(LISTED RECORDS Opens)

(* (1) $\mathrm{PRT}\subset\mathrm{PRT[O]}\subset\mathrm{PRT[T,O]}$; (2) $\mathrm{PRT}\subset\mathrm{PRT[T]}\subset\mathrm{PRT[T,O]}$; (3) $\mathrm{PRT[O]}\setminus\mathrm{PRT[T]}\neq\emptyset$; (4) $\mathrm{PRT[T]}\setminus\mathrm{PRT[O]}\neq\emptyset$. Here $\subset$ denotes proper inclusion.
   Context: An indexed family is a sequence $\mathcal F=(F_n)_{n\in\mathbb N}$ of subsets of $\mathbb N$ that is uniformly computably enumerable; $F\in\mathcal F$ means $F=F_n$ for some $n$, and $\mathrm{mi}_{\mathcal F}(F)$ is the least $n$ with $F_n=F$. An enumeration of a nonempty set $A$ is an infinite sequence of elements of $A$ in which every element of $A$ occurs; $f\restriction n$ is its initial segment of length $n$, and $\mathrm{content}(\sigma)$ is the set of entries of a finite string $\sigma$. A learner is a partial computable function from finite strings of naturals to naturals; hypothesis $h$ is interpreted as $F_h$. $M$ converges to a correct index on an enumeration $f$ of $F$ if there is $i$ with $M(f\restriction j)=M(f\restriction i)$ for all $j\ge i$ and $F_{M(f\restriction i)}=F$. $\mathcal F$ is PRT-learnable if there are a learner $M$ and a polynomial $p$ such that for every $F\in\mathcal F$ and every enumeration $f$ of $F$, $M$ converges to a correct index on $f$ in fewer than $p(\mathrm{mi}_{\mathcal F}(F))$ computation steps, with the number of oracle queries (if an oracle is used) also bounded by $p(\mathrm{mi}_{\mathcal F}(F))$. A teacher is a computable map $T$ on finite strings with $T(\sigma)$ a prefix of $T(\tau)$ whenever $\sigma$ is a prefix of $\tau$, and $\mathrm{content}(T(\sigma))\subseteq\mathrm{content}(\sigma)$. PRT[O]-learnable: some learner with a membership oracle for the target set PRT-learns $\mathcal F$. PRT[T]-learnable: there is a learner-teacher pair $(M,T)$ such that $M$, fed $T(f\restriction n)$ in place of $f\restriction n$, meets the PRT criterion for every enumeration $f$ of every member of $\mathcal F$, counting only the learner's computation. PRT[T,O]-learnable: as for PRT[T], but $M$ additionally has a membership oracle for the target and $T$ has access to the oracle answers $M$ receives. PRT, PRT[O], PRT[T], PRT[T,O] denote the corresponding classes of indexed families. *)

theory Defs
  imports Main "HOL-Computational_Algebra.Polynomial" "HOL-Library.Sublist"
begin
(* For real parameters $a>0$, $b\ge 0$, $\alpha>0$, $n>0$, let $s^*=s^*(a,b,\alpha,n)$ denote the unique solution in $(0,n)$ of $$\alpha a n s^{-\alpha-1}-(\alpha+1)a s^{-\alpha}-b=0,$$ which is the unique minimizer of $s\mapsto \frac{a s^{-\alpha}+b}{n-s}$ over $s\in(0,n)$. Then: (i) $s^*$ is nondecreasing in $a$, and strictly increasing in $a$ whenever $b>0$; (ii) $s^*$ is strictly decreasing in $b$; (iii) $s^*$ is strictly increasing in $n$; (iv) if $b=0$, then $s^*/n=\alpha/(\alpha+1)$, independent of $a$ and $n$; (v) the fraction $s^*/n$ is nondecreasing in $a$ (strictly increasing if $b>0$), strictly decreasing in $b$, and nonincreasing in $n$; if $b>0$, then $\lim_{n\to\infty} s^*/n=0$; moreover, if $\alpha<1$, $$0\;\ge\;\frac{\partial}{\partial n}\Big(\frac{s^*}{n}\Big)\;\ge\;-\frac{\alpha}{\alpha+1}\,\frac{b}{a}\,n^{\alpha-1}.$$
   Context: Monotonicity statements refer to $s^*$ (or $s^*/n$) viewed as a function of one parameter with the others held fixed, within the stated parameter ranges. *)

theory Defs
  imports "HOL-Analysis.Analysis"
begin

definition foc :: "real \<Rightarrow> real \<Rightarrow> real \<Rightarrow> real \<Rightarrow> real \<Rightarrow> real" where
  "foc a b \<alpha> n s = \<alpha> * a * n * s powr (-\<alpha> - 1) - (\<alpha> + 1) * a * s powr (-\<alpha>) - b"

definition obj :: "real \<Rightarrow> real \<Rightarrow> real \<Rightarrow> real \<Rightarrow> real \<Rightarrow> real" where
  "obj a b \<alpha> n s = (a * s powr (-\<alpha>) + b) / (n - s)"

definition sstar :: "real \<Rightarrow> real \<Rightarrow> real \<Rightarrow> real \<Rightarrow> real" where
  "sstar a b \<alpha> n = (THE s. 0 < s \<and> s < n \<and> foc a b \<alpha> n s = 0)"

end

(*
  Multiplying the first-order condition by s^(\<alpha>+1) turns it into
  \<alpha> a n = (\<alpha>+1) a s + b s^(\<alpha>+1), whose right-hand side is strictly increasing in s.
  Hence s* exists and is unique, and for s > 0 the first-order condition is positive
  exactly when s < s*. Since the condition is affine in a, b and n, each monotonicity
  claim reduces to the sign of one first-order condition at the root of another.
  The substitution s = n t gives s*(a, b, n) = n s*(a, b n^\<alpha>, 1), so s*/n is
  governed by s*(a, -, 1): it decreases in its second argument, tends to 0, and is the
  inverse of t \<mapsto> foc a 0 \<alpha> 1 t, which yields the derivative of s*/n by the
  inverse function theorem.
*)
theory Submission
  imports Defs "HOL-Complex_Analysis.Conformal_Mappings" "HOL-Real_Asymp.Real_Asymp"
begin

definition foc_rhs :: "real \<Rightarrow> real \<Rightarrow> real \<Rightarrow> real \<Rightarrow> real" where
  "foc_rhs a b \<alpha> s = (\<alpha> + 1) * a * s + b * s powr (\<alpha> + 1)"
lemma DIC_exists_pivot_profile:
  fixes r :: "'n::finite \<Rightarrow> nat"
  assumes "is_mechanism M" "DIC r M k" "1 \<le> k" "k < card (UNIV :: 'n set)"
    and "M (\<lambda>_. 0) \<le> 1/2" "1/2 < M (\<lambda>_. 1)"
  shows "\<exists>T j. j \<notin> T \<and> M ((indicator T)(j := 1/2)) = 1/2"
proof -
  have "indicator {} = (\<lambda>_::'n. 0::real)"
    by (simp add: fun_eq_iff)
  then obtain T j where "j \<notin> T" and below: "M (indicator T) \<le> 1/2"
    and above: "\<not> M (indicator (insert j T)) \<le> 1/2"
    using exists_insert_pivot[of "\<lambda>T. M (indicator T) \<le> (1/2::real)"] assms(5,6) by auto
  have "valid_profile (indicator T)"
    by (simp add: valid_profile_def indicator_def)
  moreover have "(indicator T)(j := 0) = (indicator T :: 'n profile)"
    and "(indicator T)(j := 1) = (indicator (insert j T) :: 'n profile)"
    using \<open>j \<notin> T\<close> by (auto simp: fun_eq_iff indicator_def)
  ultimately have "M ((indicator T)(j := 1/2)) = 1/2"
    using below above
    by (intro DIC_fixes_crossing_point[OF assms(1-4), where a = 1 and b = 0]) auto
  with \<open>j \<notin> T\<close> show ?thesis
    by blast
qed

lemma welfare_pivot_profile:
  fixes r :: "'n::finite \<Rightarrow> nat"
  assumes "inj r" "1 \<le> k" "k \<le> card (UNIV :: 'n set)" "j \<notin> T"
  shows "welfare r (1/2) ((indicator T)(j := 1/2)) k = (real k + 1) / 2"
proof -
  define Z :: "'n profile" where "Z = (indicator T)(j := 1/2)"
  have "{l. higher_prio r Z (1/2) l j} = {}"
    using higher_prio_irrefl[of r Z "1/2" j] by (auto simp: Z_def higher_prio_def indicator_def)
  then have served: "j \<in> topk r Z (1/2) k"
    using assms(2) by (simp add: topk_def)
  have "welfare r (1/2) Z k
      = (1 - \<bar>1/2 - Z j\<bar>) + (\<Sum>i\<in>topk r Z (1/2) k - {j}. 1 - \<bar>1/2 - Z i\<bar>)"
    unfolding welfare_eq_sum_topk using served by (simp add: sum.remove)
  also have "\<dots> = 1 + (\<Sum>i\<in>topk r Z (1/2) k - {j}. 1/2)"
    by (intro arg_cong2[where f = "(+)"] sum.cong) (auto simp: Z_def indicator_def)
  also have "\<dots> = 1 + real (k - 1) / 2"
    using card_topk[OF assms(1,3)] served by (simp add: card_Diff_singleton)
  also have "\<dots> = (real k + 1) / 2"
    using assms(2) by (simp add: of_nat_diff field_simps)
  finally show ?thesis
    unfolding Z_def .
qed

lemma opt_welfare_pivot_profile_ge:
  fixes r :: "'n::finite \<Rightarrow> nat"
  assumes "inj r" "k \<le> card (UNIV :: 'n set)" "j \<notin> T"
  shows "max (min (real k) (real (card T))) (min (real k) (real (card (- insert j T))))
    \<le> opt_welfare r ((indicator T)(j := 1/2)) k"
proof -
  define Z :: "'n profile" where "Z = (indicator T)(j := 1/2)"
  have "valid_profile Z"
    by (simp add: Z_def valid_profile_def indicator_def)
  moreover have "{i. Z i = 1} = T" "{i. Z i = 0} = - insert j T"
    using assms(3) by (auto simp: Z_def indicator_def)
  ultimately have "min (real k) (real (card T)) \<le> welfare r 1 Z k"
    and "min (real k) (real (card (- insert j T))) \<le> welfare r 0 Z k"
    using welfare_ge_min_cluster[OF assms(1) _ _ assms(2)]
    by (metis atLeastAtMost_iff order_refl zero_le_one)+
  then show ?thesis
    using welfare_le_opt_welfare[of 1 r Z k] welfare_le_opt_welfare[of 0 r Z k]
    unfolding Z_def by simp
qed

lemma pivot_profile_lb_alpha_ratio:
  fixes r :: "'n::finite \<Rightarrow> nat"
  assumes "inj r" "1 \<le> k" "k \<le> card (UNIV :: 'n set)" "j \<notin> T"
    and "1 < lb_alpha (card (UNIV :: 'n set)) k"
  shows "lb_alpha (card (UNIV :: 'n set)) k * welfare r (1/2) ((indicator T)(j := 1/2)) k
    \<le> opt_welfare r ((indicator T)(j := 1/2)) k"
proof -
  have "card (insert j T \<union> - insert j T) = card (insert j T) + card (- insert j T)"
    by (rule card_Un_disjoint) auto
  then have "card T + card (- insert j T) + 1 = card (UNIV :: 'n set)"
    using assms(4) by simp
  have "lb_alpha (card (UNIV :: 'n set)) k * welfare r (1/2) ((indicator T)(j := 1/2)) k
      = lb_alpha (card (UNIV :: 'n set)) k * (real k + 1) / 2"
    by (simp add: welfare_pivot_profile[OF assms(1-4)])
  also have "\<dots> \<le> max (min (real k) (real (card T))) (min (real k) (real (card (- insert j T))))"
    using lb_alpha_half_le_max_min[OF assms(2) \<open>_ = card UNIV\<close> assms(5)] .
  also have "\<dots> \<le> opt_welfare r ((indicator T)(j := 1/2)) k"
    using opt_welfare_pivot_profile_ge[OF assms(1,3,4)] .
  finally show ?thesis .
qed

lemma DIC_exists_profile_lb_alpha_ratio:
  fixes r :: "'n::finite \<Rightarrow> nat"
  assumes "inj r" "1 \<le> k" "k \<le> card (UNIV :: 'n set)" "is_mechanism M" "DIC r M k"
  shows "\<exists>x. valid_profile x
    \<and> lb_alpha (card (UNIV :: 'n set)) k * mech_welfare r M x k \<le> opt_welfare r x k"
proof -
  define \<alpha> where "\<alpha> = lb_alpha (card (UNIV :: 'n set)) k"
  have valid_const: "valid_profile (\<lambda>_::'n. p)" if "p \<in> {0..1}" for p
    using that by (simp add: valid_profile_def)
  show ?thesis
  proof (cases "\<alpha> \<le> 1")
    case True
    have "0 \<le> mech_welfare r M (\<lambda>_. 0) k"
      using mech_welfare_nonneg[OF assms(4) valid_const] by simp
    from mult_right_mono[OF True this]
    have "\<alpha> * mech_welfare r M (\<lambda>_. 0) k \<le> mech_welfare r M (\<lambda>_. 0) k"
      by simp
    also have "\<dots> \<le> opt_welfare r (\<lambda>_. 0) k"
      using mech_welfare_le_opt_welfare[OF assms(4) valid_const] by simp
    finally show ?thesis
      using valid_const[of 0] unfolding \<alpha>_def by auto
  next
    case False
    then have "k < card (UNIV :: 'n set)"
      using lb_alpha_diag_le_1 assms(2,3) unfolding \<alpha>_def by (metis le_neq_implies_less le_trans)
    have far_unanimous: ?thesis if "p \<in> {0..1}" "1/2 \<le> \<bar>M (\<lambda>_. p) - p\<bar>" for p
    proof -
      have "\<alpha> * mech_welfare r M (\<lambda>_. p) k \<le> 2 * mech_welfare r M (\<lambda>_. p) k"
        unfolding \<alpha>_def
        by (rule mult_right_mono[OF lb_alpha_le_2[OF assms(2)]
              mech_welfare_nonneg[OF assms(4) valid_const[OF that(1)]]])
      also have "\<dots> \<le> opt_welfare r (\<lambda>_. p) k"
        by (rule unanimous_profile_far_facility[OF assms(1,3,4) that])
      finally show ?thesis
        using valid_const[OF that(1)] unfolding \<alpha>_def by blast
    qed
    consider (far0) "1/2 \<le> \<bar>M (\<lambda>_. 0) - 0\<bar>" | (far1) "1/2 \<le> \<bar>M (\<lambda>_. 1) - 1\<bar>"
      | (crossing) "M (\<lambda>_. 0) \<le> 1/2" "1/2 < M (\<lambda>_. 1)"
      by arith
    then show ?thesis
    proof cases
      case far0
      then show ?thesis
        using far_unanimous[of 0] by simp
    next
      case far1
      then show ?thesis
        using far_unanimous[of 1] by simp
    next
      case crossing
      then obtain T j where "j \<notin> T" and half: "M ((indicator T)(j := 1/2)) = 1/2"
        using DIC_exists_pivot_profile[OF assms(4,5,2) \<open>k < _\<close>] by blast
      have "valid_profile ((indicator T)(j := 1/2))"
        by (simp add: valid_profile_def indicator_def)
      moreover have "\<alpha> * mech_welfare r M ((indicator T)(j := 1/2)) k
          \<le> opt_welfare r ((indicator T)(j := 1/2)) k"
        using pivot_profile_lb_alpha_ratio[OF assms(1-3) \<open>j \<notin> T\<close>] False
        unfolding mech_welfare_def half \<alpha>_def by simp
      ultimately show ?thesis
        unfolding \<alpha>_def by blast
    qed
  qed
qed

theorem theorem4p3:
  fixes r :: "'n::finite \<Rightarrow> nat" and M :: "'n profile \<Rightarrow> real" and k :: nat
  assumes "card (UNIV :: 'n set) \<ge> 2"
    and "inj r"
    and "1 \<le> k" and "k \<le> card (UNIV :: 'n set)"
    and "is_mechanism M"
    and "DIC r M k"
  shows "\<forall>\<alpha>'. \<alpha>' < lb_alpha (card (UNIV :: 'n set)) k \<longrightarrow>
           (\<exists>x. valid_profile x \<and> opt_welfare r x k > \<alpha>' * mech_welfare r M x k)"
proof (intro allI impI)
  fix \<alpha>' assume "\<alpha>' < lb_alpha (card (UNIV :: 'n set)) k"
  obtain x where "valid_profile x"
    and ratio: "lb_alpha (card (UNIV :: 'n set)) k * mech_welfare r M x k \<le> opt_welfare r x k"
    using DIC_exists_profile_lb_alpha_ratio[OF assms(2-6)] by blast
  moreover have "0 \<le> mech_welfare r M x k"
    using mech_welfare_nonneg[OF assms(5) \<open>valid_profile x\<close>] .
  moreover have "0 < opt_welfare r x k"
    using opt_welfare_pos[OF assms(2) \<open>valid_profile x\<close> assms(3,4)] .
  ultimately have "\<alpha>' * mech_welfare r M x k < opt_welfare r x k"
  proof (cases "mech_welfare r M x k = 0")
    case False
    with \<open>0 \<le> mech_welfare r M x k\<close> \<open>\<alpha>' < _\<close>
    have "\<alpha>' * mech_welfare r M x k < lb_alpha (card (UNIV :: 'n set)) k * mech_welfare r M x k"
      by (intro mult_strict_right_mono) auto
    with ratio show ?thesis
      by linarith
  qed simp
  with \<open>valid_profile x\<close> show "\<exists>x. valid_profile x \<and> opt_welfare r x k > \<alpha>' * mech_welfare r M x k"
    by blast
qed

end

(LISTED RECORDS Closes)

- _TASK DESCRIPTION_
Within the data above, the lines from the one with "r (\<lambda>_. p)" to the one with "ultimately show ?thesis" must be repeated exactly; no other line belongs in the answer.

- _RESULT FOR THIS TASK_
      also have "\<dots> \<le> opt_welfare r (\<lambda>_. p) k"
        by (rule unanimous_profile_far_facility[OF assms(1,3,4) that])
      finally show ?thesis
        using valid_const[OF that(1)] unfolding \<alpha>_def by blast
    qed
    consider (far0) "1/2 \<le> \<bar>M (\<lambda>_. 0) - 0\<bar>" | (far1) "1/2 \<le> \<bar>M (\<lambda>_. 1) - 1\<bar>"
      | (crossing) "M (\<lambda>_. 0) \<le> 1/2" "1/2 < M (\<lambda>_. 1)"
      by arith
    then show ?thesis
    proof cases
      case far0
      then show ?thesis
        using far_unanimous[of 0] by simp
    next
      case far1
      then show ?thesis
        using far_unanimous[of 1] by simp
    next
      case crossing
      then obtain T j where "j \<notin> T" and half: "M ((indicator T)(j := 1/2)) = 1/2"
        using DIC_exists_pivot_profile[OF assms(4,5,2) \<open>k < _\<close>] by blast
      have "valid_profile ((indicator T)(j := 1/2))"
        by (simp add: valid_profile_def indicator_def)
      moreover have "\<alpha> * mech_welfare r M ((indicator T)(j := 1/2)) k
          \<le> opt_welfare r ((indicator T)(j := 1/2)) k"
        using pivot_profile_lb_alpha_ratio[OF assms(1-3) \<open>j \<notin> T\<close>] False
        unfolding mech_welfare_def half \<alpha>_def by simp
      ultimately show ?thesis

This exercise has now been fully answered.